definition density_seq :: "'a set \<Rightarrow> ('a \<times> 'a) set \<Rightarrow> 'a \<Rightarrow> 'a set \<Rightarrow> nat \<Rightarrow> real" where
  "density_seq V E x W n = real (card (ball_graph V E x n \<inter> W)) / real (card (ball_graph V E x n))"

definition color_class :: "'a set \<Rightarrow> ('a \<Rightarrow> bool) \<Rightarrow> bool \<Rightarrow> 'a set" where
  "color_class V l c = {x \<in> V. l x = c}"

definition density_zero_at_col :: "'a set \<Rightarrow> ('a \<times> 'a) set \<Rightarrow> 'a \<Rightarrow> ('a \<Rightarrow> bool) \<Rightarrow> bool" where
  "density_zero_at_col V E x l \<longleftrightarrow>
     (\<exists>a b. density_seq V E x (color_class V l True) \<longlonglongrightarrow> a \<and>
            density_seq V E x (color_class V l False) \<longlonglongrightarrow> b \<and> min a b = 0)"

definition density_zero_col :: "'a set \<Rightarrow> ('a \<times> 'a) set \<Rightarrow> ('a \<Rightarrow> bool) \<Rightarrow> bool" where
  "density_zero_col V E l \<longleftrightarrow>
     (\<forall>x\<in>V. convergent (density_seq V E x (color_class V l True)) \<and>
             convergent (density_seq V E x (color_class V l False))) \<and>
     min (SUP x\<in>V. lim (density_seq V E x (color_class V l True)))
         (SUP x\<in>V. lim (density_seq V E x (color_class V l False))) = 0"

definition dist_density_zero_at :: "'a set \<Rightarrow> ('a \<times> 'a) set \<Rightarrow> 'a \<Rightarrow> bool" where
  "dist_density_zero_at V E x \<longleftrightarrow> (\<exists>l. distinguishing V E l \<and> density_zero_at_col V E x l)"

definition dist_density_zero :: "'a set \<Rightarrow> ('a \<times> 'a) set \<Rightarrow> bool" where
  "dist_density_zero V E \<longleftrightarrow> (\<exists>l. distinguishing V E l \<and> density_zero_col V E l)"

end

theory Submission
  imports Defs "HOL-Library.Countable"
begin

text \<open>
  The graph has two sides, hanging from the roots \<open>root True\<close> and \<open>root False\<close> of a
  common hub.  Level \<open>k + 1\<close> of a side has \<open>2 ^ m - 1\<close> vertices when level \<open>k\<close> has \<open>m\<close>,
  each joined to a different nonempty set of vertices of level \<open>k\<close>; so every level is
  larger than everything below it, and the graph is almost rigid.  On side \<open>True\<close> the
  vertices from level 2 on come in pairs of twins, which any distinguishing colouring
  must colour differently; hence around \<open>root True\<close> both colours occupy a tenth of
  every ball, and \<open>root True\<close> is the vertex \<open>v'\<close>.  Around \<open>root False\<close> the ball of
  radius \<open>n\<close> reaches level \<open>n\<close> of side \<open>False\<close> but only level \<open>n - 2\<close> of side \<open>True\<close>,
  so colouring one twin of each pair (and a bounded number of further vertices) blue
  and everything else red gives a distinguishing colouring whose blue density at
  \<open>root False\<close> tends to 0.  An injection into \<open>nat\<close> transports the example.
\<close>

section \<open>Relabelling vertices\<close>

lemma map_prod_image_mem_iff:
  "inj f \<Longrightarrow> (f x, f y) \<in> map_prod f f ` E \<longleftrightarrow> (x, y) \<in> E"
  by (auto dest: injD)

lemma relpow_map_prod_image_iff:
  assumes "inj f"
  shows "(f x, f y) \<in> (map_prod f f ` E) ^^ n \<longleftrightarrow> (x, y) \<in> E ^^ n"
proof (induction n arbitrary: y)
  case 0
  show ?case using assms by (auto dest: injD)
next
  case (Suc n)
  have "(f x, f y) \<in> (map_prod f f ` E) ^^ Suc n \<longleftrightarrow>
        (\<exists>z. (f x, f z) \<in> (map_prod f f ` E) ^^ n \<and> (f z, f y) \<in> map_prod f f ` E)"
    unfolding relpow.simps(2) relcomp_unfold by (auto simp: image_iff) (metis map_prod_simp)
  also have "\<dots> \<longleftrightarrow> (x, y) \<in> E ^^ Suc n"
    using Suc.IH map_prod_image_mem_iff[OF assms] by auto
  finally show ?case .
qed

lemma simple_graph_image:
  assumes "inj f" "simple_graph V E"
  shows "simple_graph (f ` V) (map_prod f f ` E)"
  using assms unfolding simple_graph_def sym_def by (auto dest: injD)

lemma connected_graph_image:
  assumes "inj f" "connected_graph V E"
  shows "connected_graph (f ` V) (map_prod f f ` E)"
  unfolding connected_graph_def
proof (intro ballI)
  fix x y assume "x \<in> f ` V" "y \<in> f ` V"
  then obtain a b where "a \<in> V" "b \<in> V" and xy: "x = f a" "y = f b" by blast
  then obtain k where "(a, b) \<in> E ^^ k"
    using assms(2) rtrancl_power unfolding connected_graph_def by blast
  then show "(x, y) \<in> (map_prod f f ` E)\<^sup>*"
    unfolding xy by (meson assms(1) relpow_imp_rtrancl relpow_map_prod_image_iff)
qed

lemma locally_finite_image:
  assumes "inj f" "locally_finite V E"
  shows "locally_finite (f ` V) (map_prod f f ` E)"
  unfolding locally_finite_def
proof
  fix x assume "x \<in> f ` V"
  then obtain a where "a \<in> V" "x = f a" by blast
  then have "{y. (x, y) \<in> map_prod f f ` E} = f ` {y. (a, y) \<in> E}"
    using assms(1) by (auto dest: injD)
  then show "finite {y. (x, y) \<in> map_prod f f ` E}"
    using assms(2) \<open>a \<in> V\<close> unfolding locally_finite_def by simp
qed

lemma ball_graph_image:
  assumes "inj f"
  shows "ball_graph (f ` V) (map_prod f f ` E) (f x) n = f ` ball_graph V E x n"
  unfolding ball_graph_def by (force simp: relpow_map_prod_image_iff[OF assms])

lemma density_seq_image:
  assumes "inj f"
  shows "density_seq (f ` V) (map_prod f f ` E) (f x) (f ` W) = density_seq V E x W"
proof
  fix n
  show "density_seq (f ` V) (map_prod f f ` E) (f x) (f ` W) n = density_seq V E x W n"
    unfolding density_seq_def ball_graph_image[OF assms] image_Int[OF assms, symmetric]
    using assms by (simp add: card_image inj_on_subset)
qed

lemma density_seq_color_class_image:
  assumes "inj f"
  shows "density_seq (f ` V) (map_prod f f ` E) (f x) (color_class (f ` V) l c) =
         density_seq V E x (color_class V (l \<circ> f) c)"
proof -
  have "color_class (f ` V) l c = f ` color_class V (l \<circ> f) c"
    unfolding color_class_def by auto
  then show ?thesis by (simp add: density_seq_image[OF assms])
qed

lemma automorphism_image_iff:
  assumes f: "inj f" and commute: "\<And>x. x \<in> V \<Longrightarrow> g' (f x) = f (g x)"
  shows "automorphism (f ` V) (map_prod f f ` E) g' \<longleftrightarrow> automorphism V E g"
proof -
  have f_bij: "bij_betw f V (f ` V)"
    using inj_on_imp_bij_betw inj_on_subset[OF f subset_UNIV] .
  have "bij_betw g' (f ` V) (f ` V) \<longleftrightarrow> bij_betw (g' \<circ> f) V (f ` V)"
    using bij_betw_comp_iff[OF f_bij] .
  also have "\<dots> \<longleftrightarrow> bij_betw (f \<circ> g) V (f ` V)"
    by (rule bij_betw_cong) (simp add: commute)
  also have "\<dots> \<longleftrightarrow> bij_betw g V V"
  proof -
    have "inj_on (f \<circ> g) V \<longleftrightarrow> inj_on g V"
      using f by (auto simp: inj_on_def dest: injD)
    moreover have "(f \<circ> g) ` V = f ` V \<longleftrightarrow> g ` V = V"
      using f by (metis image_comp inj_image_eq_iff)
    ultimately show ?thesis
      unfolding bij_betw_def by blast
  qed
  finally have "bij_betw g' (f ` V) (f ` V) \<longleftrightarrow> bij_betw g V V" .
  moreover have
    "(\<forall>x\<in>f ` V. \<forall>y\<in>f ` V. (x, y) \<in> map_prod f f ` E \<longleftrightarrow> (g' x, g' y) \<in> map_prod f f ` E) \<longleftrightarrow>
     (\<forall>x\<in>V. \<forall>y\<in>V. (x, y) \<in> E \<longleftrightarrow> (g x, g y) \<in> E)"
    by (simp add: commute map_prod_image_mem_iff[OF f])
  ultimately show ?thesis
    unfolding automorphism_def by (rule conj_cong)
qed

lemma distinguishing_comp_if_distinguishing_image:
  assumes f: "inj f" and dist: "distinguishing (f ` V) (map_prod f f ` E) l"
  shows "distinguishing V E (l \<circ> f)"
  unfolding distinguishing_def
proof (intro allI impI)
  fix g assume g: "automorphism V E g \<and> (\<forall>x\<in>V. (l \<circ> f) (g x) = (l \<circ> f) x)"
  define g' where "g' = f \<circ> g \<circ> inv f"
  have commute: "g' (f x) = f (g x)" for x
    unfolding g'_def using f by simp
  then have "automorphism (f ` V) (map_prod f f ` E) g'"
    using automorphism_image_iff[OF f] g by blast
  moreover have "\<forall>y\<in>f ` V. l (g' y) = l y"
    using g commute by auto
  ultimately have "\<forall>y\<in>f ` V. g' y = y"
    using dist unfolding distinguishing_def by blast
  then show "\<forall>x\<in>V. g x = x"
    using commute f by (auto dest: injD)
qed

lemma distinguishing_image_if_distinguishing_comp:
  assumes f: "inj f" and dist: "distinguishing V E (l \<circ> f)"
  shows "distinguishing (f ` V) (map_prod f f ` E) l"
  unfolding distinguishing_def
proof (intro allI impI)
  fix g' assume g': "automorphism (f ` V) (map_prod f f ` E) g' \<and> (\<forall>y\<in>f ` V. l (g' y) = l y)"
  define g where "g = inv f \<circ> g' \<circ> f"
  have "g' ` f ` V \<subseteq> f ` V"
    using g' unfolding automorphism_def bij_betw_def by blast
  then have commute: "g' (f x) = f (g x)" if "x \<in> V" for x
  proof -
    have "g' (f x) \<in> range f"
      using that \<open>g' ` f ` V \<subseteq> f ` V\<close> by blast
    then show ?thesis
      unfolding g_def comp_apply by (rule f_inv_into_f[symmetric])
  qed
  then have "automorphism V E g"
    using automorphism_image_iff[OF f] g' by blast
  moreover have "\<forall>x\<in>V. (l \<circ> f) (g x) = (l \<circ> f) x"
  proof
    fix x assume "x \<in> V"
    then have "l (g' (f x)) = l (f x)"
      using g' by blast
    then show "(l \<circ> f) (g x) = (l \<circ> f) x"
      using commute[OF \<open>x \<in> V\<close>] by simp
  qed
  ultimately have "\<forall>x\<in>V. g x = x"
    using dist unfolding distinguishing_def by blast
  then show "\<forall>y\<in>f ` V. g' y = y"
    using commute by auto
qed

lemma distinguishing_image_iff:
  "inj f \<Longrightarrow> distinguishing (f ` V) (map_prod f f ` E) l \<longleftrightarrow> distinguishing V E (l \<circ> f)"
  using distinguishing_comp_if_distinguishing_image distinguishing_image_if_distinguishing_comp by blast

lemma dist_density_zero_at_image:
  assumes f: "inj f" and "dist_density_zero_at V E x"
  shows "dist_density_zero_at (f ` V) (map_prod f f ` E) (f x)"
proof -
  obtain l where l: "distinguishing V E l" "density_zero_at_col V E x l"
    using assms(2) unfolding dist_density_zero_at_def by blast
  have inv: "l \<circ> inv f \<circ> f = l"
    using f by (simp add: fun_eq_iff)
  have "distinguishing (f ` V) (map_prod f f ` E) (l \<circ> inv f)"
    using l(1) by (simp add: distinguishing_image_iff[OF f] inv)
  moreover have "density_zero_at_col (f ` V) (map_prod f f ` E) (f x) (l \<circ> inv f)"
    using l(2) by (simp add: density_zero_at_col_def density_seq_color_class_image[OF f] inv)
  ultimately show ?thesis
    unfolding dist_density_zero_at_def by blast
qed

section \<open>Distances, automorphisms and densities\<close>

lemma relpow_imp_level_le:
  assumes "lvl c = 0" and "\<And>x y. (x, y) \<in> E \<Longrightarrow> lvl y \<le> Suc (lvl x)"
  shows "(c, x) \<in> E ^^ n \<Longrightarrow> lvl x \<le> n"
proof (induction n arbitrary: x)
  case 0
  then show ?case using assms(1) by simp
next
  case (Suc n)
  then obtain y where "(c, y) \<in> E ^^ n" "(y, x) \<in> E" by auto
  then show ?case using Suc.IH assms(2) by fastforce
qed

lemma level_imp_relpow:
  assumes "E \<subseteq> V \<times> V"
    and "\<And>x. x \<in> V \<Longrightarrow> lvl x = 0 \<Longrightarrow> x = c"
    and "\<And>x. x \<in> V \<Longrightarrow> 0 < lvl x \<Longrightarrow> \<exists>y. (y, x) \<in> E \<and> Suc (lvl y) = lvl x"
  shows "x \<in> V \<Longrightarrow> (c, x) \<in> E ^^ lvl x"
proof (induction "lvl x" arbitrary: x)
  case 0
  then show ?case using assms(2) by simp
next
  case (Suc m)
  then obtain y where y: "(y, x) \<in> E" "Suc (lvl y) = lvl x"
    using assms(3) by (metis zero_less_Suc)
  then have "(c, y) \<in> E ^^ lvl y"
    using Suc assms(1) by auto
  then show ?case using y by (metis relpow_Suc_I)
qed

lemma ball_graph_eq_level:
  assumes "E \<subseteq> V \<times> V" "lvl c = 0"
    and "\<And>x y. (x, y) \<in> E \<Longrightarrow> lvl y \<le> Suc (lvl x)"
    and "\<And>x. x \<in> V \<Longrightarrow> lvl x = 0 \<Longrightarrow> x = c"
    and "\<And>x. x \<in> V \<Longrightarrow> 0 < lvl x \<Longrightarrow> \<exists>y. (y, x) \<in> E \<and> Suc (lvl y) = lvl x"
  shows "ball_graph V E c n = {x \<in> V. lvl x \<le> n}"
  unfolding ball_graph_def
  using relpow_imp_level_le[of lvl c E, OF assms(2,3)] level_imp_relpow[of E V lvl c, OF assms(1,4,5)]
  by (auto intro: le_trans)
================
- _Task statement_
The answer must be every line of the records above that holds the word "case".

- _Solution to this exercise_
  case 0
  show ?case using assms by (auto dest: injD)
  case (Suc n)
  finally show ?case .
  case 0
  then show ?case using assms(1) by simp
  case (Suc n)
  then show ?case using Suc.IH assms(2) by fastforce
  case 0
  then show ?case using assms(2) by simp
  case (Suc m)
  then show ?case using y by (metis relpow_Suc_I)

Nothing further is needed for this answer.